Comment le public a-t-il réagi ?

Ma plus grande peur était que les gens pensent que Snapchat rendait trivial un sujet sérieux. C’est le contraire qui s’est produit. Cette histoire a fait parler les gens de la culture du viol, des abus sexuels en Inde et des problèmes des femmes de façon plus générale. Mais cette conversation a commencé avec un usage innovant des technologies. L’organisation mondiale Climb Against Sexual Abuse a emprunté l’idée et appellent les survivant(e)s du monde entier sur Snapchat pour raconter leurs épreuves. J’en suis vraiment heureux.

Pendant ce temps, Omar a utilisé des méthodes de journalisme traditionelles pour mettre les victimes à l’aise avec les outils eux-mêmes avant de procéder aux enregistrements.

Snapchat, à l’origine une application de messagerie, compte plus de 150 millions d’utilisateurs quotidiens et gagne en popularité en Inde. Sur Youtube, une vidéo de Yellowbulbs.com partage les résultats d’une étude réalisée en 2016 auprès de cent étudiants de New Delhi, décrivant l’utilisation de Snapchat parmi les millenials indiens




Omar exploite cette popularité pour s’attaquer à un énorme problème : rien qu’en 2014, 36 735 viols ont été rapportés en Inde, et beaucoup d’autres n’ont pas été enregistrés. Selon les bulletins d’information, l’incidence des viols a augmenté de neuf pour cents depuis 2010.

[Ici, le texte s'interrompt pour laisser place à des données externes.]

(* Let $S=\Gamma\backslash\mathbb H$ be a hyperbolic surface with at least one cusp, let $u\in T^1S$ be cusp-recurrent and let $\tilde u\in T^1\mathbb H$ be a lift of $u$. Then there exists a sequence of pairs $(\tilde H_n,p_n)_{n\in\mathbb N}$, where $p_n\in\Gamma$ is parabolic with fixed point $x_n\in\partial\mathbb H$ and $\tilde H_n$ is a horocycle centered at $x_n$ (hence preserved by $p_n$), such that: (1) $\tilde u$ is tangent to the oriented pair $(\tilde H_n,p_n)$ for every $n$; (2) the tangency point is $\tilde u(t_n)$, where $(t_n)$ is an increasing sequence of nonnegative numbers tending to $+\infty$; (3) the points $x_n$ are pairwise distinct and form a monotonic sequence converging to $\tilde u(+\infty)$ (monotonic in the sense of boundary coordinates after normalizing $\tilde u(+\infty)=\infty$); (4) the horoballs bounded by the $\tilde H_n$ are pairwise disjoint; (5) $\ell(\tilde H_n,p_n)\to 0$.
   Context: $\mathbb H$ is the upper half-plane, $\partial\mathbb H=\mathbb R\cup\{\infty\}$. For $v\in T^1\mathbb H$, $t\mapsto v(t)$ is the unit-speed geodesic with initial vector $v$, $v(+\infty)$ its forward endpoint. $\Gamma$ is a torsion-free Fuchsian group, $S=\Gamma\backslash\mathbb H$. A closed horocycle in $S$ is the projection of a horocycle centered at the fixed point of a parabolic element of $\Gamma$. $u\in T^1S$ is cusp-recurrent if for a lift $\tilde u$, $\tilde u(+\infty)$ is not fixed by a parabolic element of $\Gamma$ (the ray does not escape through a cusp) and there are closed horocycles $H_n$ in $S$ with lengths $\to0$ and times $t_n\ge0$ with $u(t_n)\in H_n$. For a horocycle $\tilde H$ and a parabolic $p$ preserving it: $\ell(\tilde H,p)$ is the horocyclic arc length between $x$ and $px$, $x\in\tilde H$; positive orientation is given by an arc-length parametrization with $p\tilde H(s)=\tilde H(s+\ell(\tilde H,p))$; $\tilde u$ is tangent to the oriented pair $(\tilde H,p)$ if $\tilde u(\mathbb R^+)$ is tangent to $\tilde H$ at $\tilde u(t_0)=\tilde H(s_0)$, $t_0\ge0$, with $\frac{d\tilde u}{dt}(t_0)=\frac{d\tilde H}{ds}(s_0)$ for a positively oriented parametrization. *)

theory Defs
  imports "HOL-Analysis.Analysis"
begin

type_synonym mat2 = "real^2^2"

text \<open>Boundary of H: Some x is the real point x, None is the point infinity.\<close>
type_synonym bdpt = "real option"

definition mob :: "mat2 \<Rightarrow> complex \<Rightarrow> complex" where
  "mob M z = (of_real (M$1$1) * z + of_real (M$1$2)) / (of_real (M$2$1) * z + of_real (M$2$2))"

fun bd_act :: "mat2 \<Rightarrow> bdpt \<Rightarrow> bdpt" where
  "bd_act M None = (if M$2$1 = 0 then None else Some (M$1$1 / M$2$1))"
| "bd_act M (Some x) = (if M$2$1 * x + M$2$2 = 0 then None
                        else Some ((M$1$1 * x + M$1$2) / (M$2$1 * x + M$2$2)))"

definition mtrace :: "mat2 \<Rightarrow> real" where
  "mtrace M = M$1$1 + M$2$2"

definition mpow :: "mat2 \<Rightarrow> nat \<Rightarrow> mat2" where
  "mpow M n = (((**) M) ^^ n) (mat 1)"

text \<open>A Fuchsian group, represented by its (full) preimage in SL(2,R):
  a subgroup of SL(2,R) containing -I, which is discrete.\<close>
definition fuchsian :: "mat2 set \<Rightarrow> bool" where
  "fuchsian G \<longleftrightarrow>
     (\<forall>M\<in>G. det M = 1) \<and> mat 1 \<in> G \<and> - mat 1 \<in> G \<and>
     (\<forall>M\<in>G. \<forall>N\<in>G. M ** N \<in> G) \<and> (\<forall>M\<in>G. matrix_inv M \<in> G) \<and>
     (\<exists>e>0. \<forall>M\<in>G. norm (M - mat 1) < e \<longrightarrow> M = mat 1)"

definition torsion_free :: "mat2 set \<Rightarrow> bool" where
  "torsion_free G \<longleftrightarrow>
     (\<forall>M\<in>G. \<forall>n>0. (mpow M n = mat 1 \<or> mpow M n = - mat 1) \<longrightarrow> (M = mat 1 \<or> M = - mat 1))"

definition parabolic :: "mat2 \<Rightarrow> bool" where
  "parabolic M \<longleftrightarrow> M \<noteq> mat 1 \<and> M \<noteq> - mat 1 \<and> \<bar>mtrace M\<bar> = 2"

definition parabolic_fixed_point :: "mat2 set \<Rightarrow> bdpt \<Rightarrow> bool" where
  "parabolic_fixed_point G \<xi> \<longleftrightarrow> (\<exists>p\<in>G. parabolic p \<and> bd_act p \<xi> = \<xi>)"

definition hdist :: "complex \<Rightarrow> complex \<Rightarrow> real" where
  "hdist z w = arcosh (1 + (cmod (z - w))\<^sup>2 / (2 * Im z * Im w))"

text \<open>Unit tangent vectors of H: base point z in H and vector v with hyperbolic norm 1.\<close>
definition T1H :: "(complex \<times> complex) set" where
  "T1H = {(z, v). Im z > 0 \<and> cmod v = Im z}"

definition geod :: "complex \<times> complex \<Rightarrow> real \<Rightarrow> complex" where
  "geod u = (THE \<gamma>. \<gamma> 0 = fst u \<and> (\<gamma> has_vector_derivative snd u) (at 0) \<and>
                     (\<forall>s. Im (\<gamma> s) > 0) \<and> (\<forall>s t. hdist (\<gamma> s) (\<gamma> t) = \<bar>s - t\<bar>))"

definition tends_to_bd :: "(real \<Rightarrow> complex) \<Rightarrow> bdpt \<Rightarrow> bool" where
  "tends_to_bd \<gamma> \<xi> = (case \<xi> of
      None \<Rightarrow> filterlim (\<lambda>t. cmod (\<gamma> t)) at_top at_top
    | Some x \<Rightarrow> (\<gamma> \<longlongrightarrow> complex_of_real x) at_top)"

definition fwd_end :: "complex \<times> complex \<Rightarrow> bdpt" where
  "fwd_end u = (THE \<xi>. tends_to_bd (geod u) \<xi>)"

text \<open>Horocycle centered at xi with (Euclidean) size parameter r > 0:
  circle of radius r tangent to R at x, or horizontal line Im z = r.\<close>
fun horocycle :: "bdpt \<Rightarrow> real \<Rightarrow> complex set" where
  "horocycle None r = {z. Im z = r}"
| "horocycle (Some x) r = {z. Im z > 0 \<and> cmod (z - Complex x r) = r}"

fun horoball :: "bdpt \<Rightarrow> real \<Rightarrow> complex set" where
  "horoball None r = {z. Im z > r}"
| "horoball (Some x) r = {z. cmod (z - Complex x r) < r}"

text \<open>H is a (hyperbolic) arc-length parametrization of the curve C.\<close>
definition arclen_param :: "(real \<Rightarrow> complex) \<Rightarrow> complex set \<Rightarrow> bool" where
  "arclen_param H C \<longleftrightarrow> bij_betw H UNIV C \<and>
     (\<forall>s. \<exists>v. (H has_vector_derivative v) (at s) \<and> cmod v = Im (H s))"

text \<open>Length of the closed horocycle in S obtained by projecting the horocycle
  horocycle xi r (xi a parabolic fixed point): the smallest positive
  horocyclic translation length of an element of G fixing xi.\<close>
definition closed_horo_length :: "mat2 set \<Rightarrow> bdpt \<Rightarrow> real \<Rightarrow> real" where
  "closed_horo_length G \<xi> r = Inf {l. l > 0 \<and> (\<exists>p\<in>G. parabolic p \<and> bd_act p \<xi> = \<xi> \<and>
       (\<exists>H. arclen_param H (horocycle \<xi> r) \<and> (\<forall>s. mob p (H s) = H (s + l))))}"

D’après Omar, voici ce qui a rendu l’expérience entière extrêmement personnelle pour les survivantes 

Ça n’a pas été difficile, car même si elles ne connaissaient pas vraiment Snapchat, n’importe quel millénial partout dans le monde sait comment prendre un selfie. Ce n’était rien de plus que ça. J’ai d’abord essayé les filtres sur moi-même. Elles ont ri. Ensuite, elles en ont essayé quelques uns. On a rigolé un peu. À la fin, elles ont appuyé sur le bouton rouge, partagé leurs histoires, et le monde a pleuré.

Les efforts d’Omar lui ont valu des compliments sur les médias sociaux pour avoir donné une signification plus profonde à ce qui n’était avant qu’une app amusante

D’autres ont également utilisé Snapchat pour leur travail. Les Indiens Avani Parekh, Nida Sheriff et Rajshekar Patil ont créé un service de conseils sur les abus domestiques appelé lovedoctordotin, adressé aux adolescents indiens qui pensent se trouver dans une relation abusive.

Omar offre ses conseils aux journalistes utilisant les outils numériques pour rapporter des histoires très sensibles :

Regardez au-delà des gadgets. La valeur nominale de Snapchat n’est qu’autoportraits rigolos et émojis, mais derrière les filtres se cachent des algorithmes phénoménaux. Utilisez la technologie pour raconter de meilleures histoires. Voyez le potentiel qu’il y a à pirater, en quelque sorte, quoi que ce soit. En ce moment, je suis en train de regarder Pokemon Go et je me dis, comment peut-on rapporter des informations comme ça ? Peut-être, en dirigeant les gens dont les téléphones sont munis d’appareils photo vers des évènements, comme les joueurs qui affluent vers des créatures d’animation.
Ceci étant, les implications légales de ces innovations narratives restent à régler, comme par exemple la validité des histoires devant un tribunal. Il y a environ deux mois, les partis politiques indiens de droite, armés de plaintes déposées à la police, ont menacé le comédien Tanmay Bhat pour avoir publié une vidéo utilisant des filtres Snapchat et qui caricaturait deux importantes célébrités indiennes.